TEMPO Interaktif, Jakarta - Menteri Dalam Negeri Gamawan Fauzi memperbolehkan kepala daerah menerima honor dari Bank Pembangunan Daerah. Pasalnya, kepala daerah merupakan pemegang saham BPD dan ikut menentukan berbagai kebijakan BPD. “Apa tidak wajar kalau diberi honor?” kata Gamawan di kantornya akhir pekan lalu.

Ia mencontohkan, kepala daerah ikut menetapkan anggaran BPD, loan deposit ratio (ldr), nonperforming loan (npl). Kepala daerah juga mengikuti rapat pemegang saham dan rapat tahunan BPD.

Gamawan mengaku telah menjelaskan pendapatnya tersebut kepada Wakil Ketua Komisi Pemberantasan Korupsi Bidang Pencegahan Haryono Umar. Menurut Gamawan, ketentuan ini juga tak dilarang oleh Bank Indonesia. Sejak 2006, kata Gamawan, bank sentral hanya menghimbau BPD tak membayarkan lagi honor kepada kepala daerah. “Honor ini bukan termasuk korupsi,” ujarnya.

Mantan Gubernur Sumatera Barat ini menilai selama ini masih ada penyamaan honor dengan fee. Seharusnya, ada pembedaan honor dengan fee dari BPD kepada kepala daerah. Gamawan menilai kepala daerah tak bisa menerima fee dari BPD. Pasalnya, fee ini bisa tergolong korupsi dan bisa dimanfaatkan kepala daerah.

Ia menjelaskan, kas daerah bisa tak disimpan di BPD. Kepala daerah bisa saja menyimpan kas di bank swasta yang ada di daerah. Tapi, ada kemungkinan kepala daerah memilih menyimpan kas di BPD sambil meminta jasa dari BPD. “Katakanlah ada jasa giro 2 persen masuk ke rekening pribadi. Ini namanya korupsi,” katanya.

Gamawan mempersilahkan aparat hukum menangkap kepala daerah yang menerima fee dari BPD. “Tangkaplah kalau ada yang seperti itu,” ujarnya.

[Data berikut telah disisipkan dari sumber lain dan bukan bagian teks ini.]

(* Let $(L,\vee,\wedge,0,1)$ be a finite complemented lattice with $0\ne1$ such that the mapping $x\mapsto x^{++}$ from $L$ to $2^L$ is injective, and let $a\in L$ with $a^{++}\neq\{a\}$. Then there exists some $b\in a^{++}$ with $b^{++}=\{b\}$.
   Context: For $a\in L$, $a^+:=\{x\in L\mid a\vee x=1,\ a\wedge x=0\}$ (the set of all complements of $a$). For $A\subseteq L$, $A^+:=\{x\in L\mid a\vee x=1\text{ and }a\wedge x=0\text{ for all }a\in A\}$, and $a^{++}:=(a^+)^+$. *)

theory Defs
  imports Main
begin

definition compls :: "'a::bounded_lattice \<Rightarrow> 'a set" where
  "compls a = {x. sup a x = top \<and> inf a x = bot}"

definition compls_set :: "'a::bounded_lattice set \<Rightarrow> 'a set" where
  "compls_set A = {x. \<forall>a\<in>A. sup a x = top \<and> inf a x = bot}"

definition dcompls :: "'a::bounded_lattice \<Rightarrow> 'a set" where
  "dcompls a = compls_set (compls a)"

end

theory Submission
  imports Defs
begin

text \<open>Since \<open>b \<in> a\<^sup>+\<^sup>+\<close> means \<open>a\<^sup>+ \<subseteq> b\<^sup>+\<close>, the map \<open>x \<mapsto> x\<^sup>+\<^sup>+\<close> is a closure-like
  operator: every \<open>b \<in> a\<^sup>+\<^sup>+\<close> satisfies \<open>b \<in> b\<^sup>+\<^sup>+ \<subseteq> a\<^sup>+\<^sup>+\<close>, and by injectivity the
  inclusion is proper unless \<open>b = a\<close>. In a finite lattice, descending along proper
  inclusions must stop at some \<open>b\<close> with \<open>b\<^sup>+\<^sup>+ = {b}\<close>.\<close>

lemma mem_dcompls_iff: "b \<in> dcompls a \<longleftrightarrow> compls a \<subseteq> compls b"
  by (auto simp: dcompls_def compls_set_def compls_def sup_commute inf_commute)

lemma dcompls_self: "a \<in> dcompls a"
  by (simp add: mem_dcompls_iff)

lemma dcompls_subset: "b \<in> dcompls a \<Longrightarrow> dcompls b \<subseteq> dcompls a"
  by (auto simp: mem_dcompls_iff)

lemma dcompls_psubset:
  fixes a b :: "'a::bounded_lattice"
  assumes "inj (dcompls :: 'a \<Rightarrow> 'a set)" and "b \<in> dcompls a" and "b \<noteq> a"
  shows "dcompls b \<subset> dcompls a"
proof
  show "dcompls b \<subseteq> dcompls a"
    using assms(2) by (rule dcompls_subset)
  show "dcompls b \<noteq> dcompls a"
    using assms(1,3) by (simp add: inj_eq)
qed

lemma ex_dcompls_singleton:
  fixes a :: "'a::{bounded_lattice, finite}"
  assumes inj: "inj (dcompls :: 'a \<Rightarrow> 'a set)"
  shows "\<exists>b\<in>dcompls a. dcompls b = {b}"
proof (induction a rule: measure_induct_rule[where f = "\<lambda>a. card (dcompls a)"])
  case (less a)
  show ?case
  proof (cases "dcompls a = {a}")
    case True
    then show ?thesis by blast
  next
    case False
    then obtain c where c: "c \<in> dcompls a" "c \<noteq> a"
      using dcompls_self[of a] by blast
    then have "dcompls c \<subset> dcompls a"
      using inj by (rule dcompls_psubset[rotated])
    then have "card (dcompls c) < card (dcompls a)"
      by (simp add: psubset_card_mono)
    then obtain b where "b \<in> dcompls c" "dcompls b = {b}"
      using less.IH by blast
    then show ?thesis
      using dcompls_subset[OF c(1)] by blast
  qed
qed

theorem proposition2:
  fixes a :: "'a::{bounded_lattice, finite}"
  assumes complemented: "\<forall>x::'a. \<exists>y. sup x y = top \<and> inf x y = bot"
    and nontrivial: "(bot::'a) \<noteq> top"
    and inj: "inj (dcompls :: 'a \<Rightarrow> 'a set)"
    and a: "dcompls a \<noteq> {a}"
  shows "\<exists>b\<in>dcompls a. dcompls b = {b}"
  using inj by (rule ex_dcompls_singleton)

end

Sebelumnya, Komisi Pemberantasan Korupsi menyatakan terdapat enam BPD yang memberikan fee kepada kepala daerah untuk kepentingan pribadi. Enam BPD itu adalah BPD Sumatera Utara, BPD Jawa Barat-Banten, BPD Jawa Tengah, BPD Jawa Timur, BPD Kalimantan Timur, dan Bank DKI.

Kepala Pusat Penerangan Kementerian Dalam Negeri Saut Situmorang menyatakan, lembaganya masih menelusuri dugaan imbalan dari BPD untuk pejabat daerah. Hasil pendalaman itu akan dikomunikasikan dengan berbagai pihak seperti KPK, bank sentral, dan Asosiasi Bank Pembangunan Daerah. “Kami tetap berpegang pada asas praduga tak bersalah dalam menelusuri fee tersebut,” ujarnya.